■ **Work request**
Every record below should be printed exactly as it appears.

■ **Source material**
section \<open>The generators have periodic orbits\<close>

definition seq_A1 :: "int \<Rightarrow> int" where
  "seq_A1 n = (if n mod 3 = 0 then 1 else if n mod 3 = 1 then 0 else -1)"

definition seq_A2 :: "int \<Rightarrow> int" where
  "seq_A2 n = (if n mod 3 = 0 then - (n div 3)
               else if n mod 3 = 1 then 2 * (n div 3) + 1 else - (n div 3) - 1)"

definition seq_drift :: "int \<Rightarrow> int" where
  "seq_drift n = (if n mod 3 = 2 then -2 else 1)"

lemma length_A1 [simp]: "length A1 = 24"
  by (simp add: A1_def eval_nat_numeral)

lemma length_A2 [simp]: "length A2 = 24"
  by (simp add: A2_def)

lemma iap_A1_A2: "iap A1 n = seq_A1 n \<and> iap A2 n = seq_A2 n"
proof -
  define s where "s = nat (n mod 24)"
  define q where "q = n div 24"
  have n: "n = int s + 3 * (8 * q)"
    unfolding s_def q_def by simp
  have "n mod 3 = int s mod 3" "n div 3 = 8 * q + int s div 3"
    unfolding n by (simp_all only: mod_mult_self2 div_mult_self2 zero_neq_numeral not_False_eq_True)
  then have shift: "seq_A1 n = seq_A1 (int s)"
    "seq_A2 n = seq_A2 (int s) - 8 * q * (if int s mod 3 = 1 then -2 else 1)"
    unfolding seq_A1_def seq_A2_def by (auto simp: algebra_simps)
  have "s \<in> set [0..<24]"
    unfolding s_def by auto
  then show ?thesis
    unfolding iap_eq s_def[symmetric] q_def[symmetric] shift
    by (simp add: upt_rec A1_def A2_def eval_nat_numeral seq_A1_def seq_A2_def)
      (elim disjE; simp add: algebra_simps)
qed

lemma seq_values:
  "seq_A1 (3 * k) = 1" "seq_A1 (3 * k + 1) = 0" "seq_A1 (3 * k + 2) = -1"
  "seq_A2 (3 * k) = - k" "seq_A2 (3 * k + 1) = 2 * k + 1" "seq_A2 (3 * k + 2) = - k - 1"
  "seq_drift (3 * k) = 1" "seq_drift (3 * k + 1) = 1" "seq_drift (3 * k + 2) = -2"
  by (simp_all add: seq_A1_def seq_A2_def seq_drift_def)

■ **Answer section**
section \<open>The generators have periodic orbits\<close>

definition seq_A1 :: "int \<Rightarrow> int" where
  "seq_A1 n = (if n mod 3 = 0 then 1 else if n mod 3 = 1 then 0 else -1)"

definition seq_A2 :: "int \<Rightarrow> int" where
  "seq_A2 n = (if n mod 3 = 0 then - (n div 3)
               else if n mod 3 = 1 then 2 * (n div 3) + 1 else - (n div 3) - 1)"

definition seq_drift :: "int \<Rightarrow> int" where
  "seq_drift n = (if n mod 3 = 2 then -2 else 1)"

lemma length_A1 [simp]: "length A1 = 24"
  by (simp add: A1_def eval_nat_numeral)

lemma length_A2 [simp]: "length A2 = 24"
  by (simp add: A2_def)

lemma iap_A1_A2: "iap A1 n = seq_A1 n \<and> iap A2 n = seq_A2 n"
proof -
  define s where "s = nat (n mod 24)"
  define q where "q = n div 24"
  have n: "n = int s + 3 * (8 * q)"
    unfolding s_def q_def by simp
  have "n mod 3 = int s mod 3" "n div 3 = 8 * q + int s div 3"
    unfolding n by (simp_all only: mod_mult_self2 div_mult_self2 zero_neq_numeral not_False_eq_True)
  then have shift: "seq_A1 n = seq_A1 (int s)"
    "seq_A2 n = seq_A2 (int s) - 8 * q * (if int s mod 3 = 1 then -2 else 1)"
    unfolding seq_A1_def seq_A2_def by (auto simp: algebra_simps)
  have "s \<in> set [0..<24]"
    unfolding s_def by auto
  then show ?thesis
    unfolding iap_eq s_def[symmetric] q_def[symmetric] shift
    by (simp add: upt_rec A1_def A2_def eval_nat_numeral seq_A1_def seq_A2_def)
      (elim disjE; simp add: algebra_simps)
qed

lemma seq_values:
  "seq_A1 (3 * k) = 1" "seq_A1 (3 * k + 1) = 0" "seq_A1 (3 * k + 2) = -1"
  "seq_A2 (3 * k) = - k" "seq_A2 (3 * k + 1) = 2 * k + 1" "seq_A2 (3 * k + 2) = - k - 1"
  "seq_drift (3 * k) = 1" "seq_drift (3 * k + 1) = 1" "seq_drift (3 * k + 2) = -2"
  by (simp_all add: seq_A1_def seq_A2_def seq_drift_def)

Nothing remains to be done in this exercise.